The final third of the album begins with “Halcyon,” which is pretty, no doubt, but it doesn’t quite build to the summit its early sunrays promise. The vista is unchanging, and though hints of dissonance come later in the track in the form of notes and chords, the shift they threaten never quite materializes, leaving the whole thing staid. “Charlie” works better—a waft of funeral horns—but the awkward kick drum doesn’t really push the thing forward, despite the giddy synths that undulate overtop, until the track is well underway. Once there, it milks that nice little pattern for quite a while. It’s nice, but no nicer than some of the ideas Morgan plays with earlier on the album. When the eBow enters this time, it seems almost superlative; it’s basically a guitar solo, but it’s presence rips the tension away from the buzzing keys, and the song turns a little too latter-day Pink Floyd. “Mistral” ends the album on a nice note, again juxtaposing tension and resolution as unexpected chord changes propel the song forward.

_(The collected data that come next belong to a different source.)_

(* The wreath product $\mathbb{Z}_2 \wr \mathbb{F}_2$ is Cayley $2$-tape linear-time computable.
   Context: $\mathbb{F}_2$ is the free group of rank $2$ and $\mathbb{Z}_2 \wr \mathbb{F}_2$ is the restricted wreath product (lamplighter group over $\mathbb{F}_2$). For $k>1$, a $k$-tape Turing machine has $k$ semi-infinite tapes, each with the unmodifiable symbol $\boxplus$ in its leftmost cell (occurring only there); $\boxdot$ is the blank symbol. A function $f : \Sigma^* \to \Sigma^*$ is computed on a $k$-tape Turing machine in linear time if there is such a machine and a constant $C>0$ such that for every input $x \in \Sigma^*$ of length $n$, started with first tape $\boxplus x \boxdot^\infty$, the other tapes $\boxplus \boxdot^\infty$, all heads on $\boxplus$, the machine halts in an accepting state in at most $Cn$ steps with the first tape having prefix $\boxplus f(x) \boxdot$. A finitely generated group $G$ with finite set of semigroup generators $S$ is Cayley $k$-tape linear-time computable if there exist a finite alphabet $\Sigma$, a language $L \subseteq \Sigma^*$, a bijection $\psi : L \to G$ and, for each $s \in S$, a function $f_s : \Sigma^* \to \Sigma^*$ computed on a $k$-tape Turing machine in linear time such that $\psi(f_s(w)) = \psi(w)s$ for all $w \in L$ (independent of the choice of $S$). *)

theory Defs
  imports "HOL-Algebra.Group"
begin
(* The mapping $\psi:\mathcal{C}^3_{\rm c}\to\mathcal{C}^3_{\rm c}$ is discontinuous (with respect to $d_\infty$) at every point of a dense subset of $(\mathcal{C}^3_{\rm c},d_\infty)$.
   Context: $\mathbb{I}=[0,1]$, $\lambda$ Lebesgue measure; $d_\infty(C_1,C_2)=\max_{\mathbf{x}\in\mathbb{I}^3}|C_1(\mathbf{x})-C_2(\mathbf{x})|$. Points of $\mathbb{I}^3$ are written $(\mathbf{u},v)$, $\mathbf{u}=(u_1,u_2)$. For a three-dimensional copula $C$, $K_C$ is (a version of) the regular conditional distribution of $(U_1,U_2)$ given $U_3=v$, $(U_1,U_2,U_3)\sim C$; $F_{1|3}(u_1|t)=K_C(t,[0,u_1]\times\mathbb{I})$, $F_{2|3}(u_2|t)=K_C(t,\mathbb{I}\times[0,u_2])$. $\mathcal{C}^3_{\rm c}$ is the set of three-dimensional copulas for which $F_{1|3}(\cdot|t)$, $F_{2|3}(\cdot|t)$ are continuous for $\lambda$-a.e. $t$; for such $C$, for a.e. $t$ the conditional copula $C^t_{12;3}$ is the unique bivariate copula with $K_C(t,[\mathbf{0},\mathbf{u}])=C^t_{12;3}(F_{1|3}(u_1|t),F_{2|3}(u_2|t))$. The partial copula is $C_p(\mathbf{s})=\int_{\mathbb{I}}C^t_{12;3}(\mathbf{s})\,d\lambda(t)$ and $\psi(C)(\mathbf{u},v)=\int_{[0,v]}C_p(F_{1|3}(u_1|t),F_{2|3}(u_2|t))\,d\lambda(t)$. *)

theory Defs
  imports "HOL-Probability.Probability"
begin

text \<open>Copulas are represented as real-valued functions; only their values on the unit
cube matter. Points of the cube are written (u1, u2, v).\<close>

definition unitI :: "real set" where "unitI = {0..1}"

definition copula2 :: "(real \<Rightarrow> real \<Rightarrow> real) \<Rightarrow> bool" where
  "copula2 D \<longleftrightarrow>
     (\<forall>s\<in>unitI. D 0 s = 0 \<and> D s 0 = 0 \<and> D s 1 = s \<and> D 1 s = s) \<and>
     (\<forall>a1\<in>unitI. \<forall>b1\<in>unitI. \<forall>a2\<in>unitI. \<forall>b2\<in>unitI. a1 \<le> b1 \<longrightarrow> a2 \<le> b2 \<longrightarrow>
        D b1 b2 - D a1 b2 - D b1 a2 + D a1 a2 \<ge> 0)"

definition copula3 :: "(real \<Rightarrow> real \<Rightarrow> real \<Rightarrow> real) \<Rightarrow> bool" where
  "copula3 C \<longleftrightarrow>
     (\<forall>x\<in>unitI. \<forall>y\<in>unitI. C 0 x y = 0 \<and> C x 0 y = 0 \<and> C x y 0 = 0) \<and>
     (\<forall>s\<in>unitI. C s 1 1 = s \<and> C 1 s 1 = s \<and> C 1 1 s = s) \<and>
     (\<forall>a1\<in>unitI. \<forall>b1\<in>unitI. \<forall>a2\<in>unitI. \<forall>b2\<in>unitI. \<forall>a3\<in>unitI. \<forall>b3\<in>unitI.
        a1 \<le> b1 \<longrightarrow> a2 \<le> b2 \<longrightarrow> a3 \<le> b3 \<longrightarrow>
        C b1 b2 b3 - C a1 b2 b3 - C b1 a2 b3 - C b1 b2 a3
          + C a1 a2 b3 + C a1 b2 a3 + C b1 a2 a3 - C a1 a2 a3 \<ge> 0)"

definition dinf :: "(real \<Rightarrow> real \<Rightarrow> real \<Rightarrow> real) \<Rightarrow> (real \<Rightarrow> real \<Rightarrow> real \<Rightarrow> real) \<Rightarrow> real" where
  "dinf C1 C2 = (SUP x \<in> unitI \<times> unitI \<times> unitI.
      \<bar>C1 (fst x) (fst (snd x)) (snd (snd x)) - C2 (fst x) (fst (snd x)) (snd (snd x))\<bar>)"

definition markov_kernel :: "(real \<Rightarrow> (real \<times> real) measure) \<Rightarrow> bool" where
  "markov_kernel K \<longleftrightarrow>
     (\<forall>t. prob_space (K t) \<and> sets (K t) = sets (borel :: (real \<times> real) measure)) \<and>
     (\<forall>E \<in> sets (borel :: (real \<times> real) measure). (\<lambda>t. measure (K t) E) \<in> borel_measurable lborel)"

text \<open>K is a version of the regular conditional distribution of (U1,U2) given U3 = t,
  where (U1,U2,U3) ~ C.  (The rectangle identity determines K up to a null set of t.)\<close>
definition is_rcd :: "(real \<Rightarrow> real \<Rightarrow> real \<Rightarrow> real) \<Rightarrow> (real \<Rightarrow> (real \<times> real) measure) \<Rightarrow> bool" where
  "is_rcd C K \<longleftrightarrow> markov_kernel K \<and>
     (\<forall>u1\<in>unitI. \<forall>u2\<in>unitI. \<forall>v\<in>unitI.
        C u1 u2 v = (LINT t:{0..v}|lborel. measure (K t) ({0..u1} \<times> {0..u2})))"

definition KC :: "(real \<Rightarrow> real \<Rightarrow> real \<Rightarrow> real) \<Rightarrow> real \<Rightarrow> (real \<times> real) measure" where
  "KC C = (SOME K. is_rcd C K)"

definition F13 :: "(real \<Rightarrow> real \<Rightarrow> real \<Rightarrow> real) \<Rightarrow> real \<Rightarrow> real \<Rightarrow> real" where
  "F13 C u1 t = measure (KC C t) ({0..u1} \<times> {0..1})"

definition F23 :: "(real \<Rightarrow> real \<Rightarrow> real \<Rightarrow> real) \<Rightarrow> real \<Rightarrow> real \<Rightarrow> real" where
  "F23 C u2 t = measure (KC C t) ({0..1} \<times> {0..u2})"

definition Cc :: "(real \<Rightarrow> real \<Rightarrow> real \<Rightarrow> real) set" where
  "Cc = {C. copula3 C \<and> (\<exists>K. is_rcd C K \<and>
      (AE t in lborel. t \<in> unitI \<longrightarrow>
         continuous_on UNIV (\<lambda>u. measure (K t) ({0..u} \<times> {0..1})) \<and>
         continuous_on UNIV (\<lambda>u. measure (K t) ({0..1} \<times> {0..u}))))}"

text \<open>Conditional copula C^t_{12;3} (unique for a.e. t when C is in C^3_c).\<close>
definition condcop :: "(real \<Rightarrow> real \<Rightarrow> real \<Rightarrow> real) \<Rightarrow> real \<Rightarrow> real \<Rightarrow> real \<Rightarrow> real" where
  "condcop C t = (SOME D. copula2 D \<and>
      (\<forall>u1\<in>unitI. \<forall>u2\<in>unitI.
         measure (KC C t) ({0..u1} \<times> {0..u2}) = D (F13 C u1 t) (F23 C u2 t)))"

definition partial_copula :: "(real \<Rightarrow> real \<Rightarrow> real \<Rightarrow> real) \<Rightarrow> real \<Rightarrow> real \<Rightarrow> real" where
  "partial_copula C s1 s2 = (LINT t:unitI|lebesgue. condcop C t s1 s2)"

definition psi :: "(real \<Rightarrow> real \<Rightarrow> real \<Rightarrow> real) \<Rightarrow> real \<Rightarrow> real \<Rightarrow> real \<Rightarrow> real" where
  "psi C u1 u2 v = (LINT t:{0..v}|lebesgue. partial_copula C (F13 C u1 t) (F23 C u2 t))"

end

theory Submission
  imports Defs
begin

text \<open>Every copula in \<^term>\<open>Cc\<close> is uniformly close to a grid copula E: cut the cube into \<open>n\<^sup>3\<close>
  cells and spread the mass the copula gives to each cell over the diagonals of the cell's square,
  along the Frechet bound M during the first half of the cell's time slot and along W during the
  second. E agrees with the copula on the grid, hence differs from it by at most \<open>3/n\<close>.

  At every such E, \<^term>\<open>psi\<close> is discontinuous. Replace, in every cell, the M-diagonal of the square
  by \<open>2 M\<close> alternating M-diagonals of its lower left and upper right quarters; the resulting copulas F
  satisfy \<open>dinf E F \<le> 1/(8 M)\<close>. All conditional copulas of E and F are M or W with the same weights,
  so both have the partial copula \<open>(M + W)/2\<close>, but the conditional margins of F are twice as steep.
  At the centre of a square carrying mass this makes \<^term>\<open>psi\<close> of F exceed \<^term>\<open>psi\<close> of E by
  an eighth of that mass, whatever \<open>M\<close> is.\<close>

section \<open>Uniform distributions on diagonals\<close>

definition clamp01 :: "real \<Rightarrow> real" where "clamp01 z = max 0 (min 1 z)"

lemma clamp01_bounds: "0 \<le> clamp01 z" "clamp01 z \<le> 1"
  by (auto simp: clamp01_def)

lemma clamp01_mono: "x \<le> y \<Longrightarrow> clamp01 x \<le> clamp01 y"
  by (auto simp: clamp01_def)

lemma clamp01_id: "0 \<le> z \<Longrightarrow> z \<le> 1 \<Longrightarrow> clamp01 z = z"
  by (auto simp: clamp01_def)

lemma continuous_on_clamp01: "continuous_on UNIV f \<Longrightarrow> continuous_on UNIV (\<lambda>u. clamp01 (f u))"
  unfolding clamp01_def by (intro continuous_intros)

text \<open>\<^term>\<open>frechet True\<close> is the upper Frechet bound M, \<^term>\<open>frechet False\<close> the lower one W.\<close>
definition frechet :: "bool \<Rightarrow> real \<Rightarrow> real \<Rightarrow> real" where
  "frechet up s1 s2 = (if up then min s1 s2 else max 0 (s1 + s2 - 1))"

lemma frechet_bounds: "s1 \<in> {0..1} \<Longrightarrow> s2 \<in> {0..1} \<Longrightarrow> 0 \<le> frechet up s1 s2 \<and> frechet up s1 s2 \<le> 1"
  by (auto simp: frechet_def)

lemma frechet_2increasing:
  "x \<le> x' \<Longrightarrow> y \<le> y' \<Longrightarrow> 0 \<le> frechet up x' y' - frechet up x y' - frechet up x' y + frechet up x y"
  by (auto simp: frechet_def max_def min_def)

lemma copula2_frechet: "copula2 (frechet up)"
  unfolding copula2_def unitI_def by (auto simp: frechet_def intro: frechet_2increasing)

text \<open>\<^term>\<open>Seg x w y h up\<close> stands for the uniform distribution on the diagonal of the rectangle
  \<open>[x, x + w] \<times> [y, y + h]\<close>: the increasing diagonal if \<open>up\<close>, the decreasing one otherwise.\<close>
datatype seg = Seg (seg_x: real) (seg_w: real) (seg_y: real) (seg_h: real) (seg_up: bool)

definition valid_seg :: "seg \<Rightarrow> bool" where
  "valid_seg s \<longleftrightarrow> 0 \<le> seg_x s \<and> 0 < seg_w s \<and> seg_x s + seg_w s \<le> 1 \<and>
                   0 \<le> seg_y s \<and> 0 < seg_h s \<and> seg_y s + seg_h s \<le> 1"

definition seg_param :: "seg \<Rightarrow> real \<Rightarrow> real \<times> real" where
  "seg_param s x = (seg_x s + seg_w s * x,
     if seg_up s then seg_y s + seg_h s * x else seg_y s + seg_h s - seg_h s * x)"

definition seg_measure :: "seg \<Rightarrow> (real \<times> real) measure" where
  "seg_measure s = distr (uniform_measure lborel {0..1}) borel (seg_param s)"

definition seg_cdf1 :: "seg \<Rightarrow> real \<Rightarrow> real" where
  "seg_cdf1 s u = clamp01 ((u - seg_x s) / seg_w s)"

Plume’s success hinges on a brilliant idea, but it doesn’t quite succeed on finding many different ways to explore the tension created between the extremes it tries to meld together, whatever you call them. I don’t mean that to be faint praise either; it’s just that the pickings for ambient have been so good this year that the bar has been raised extremely high. It’s a really good album, at times almost reaching the highs of the very best this year. At other times, however, it’s merely good, relative to the phenomenal stock that even just this label has offered in 2006.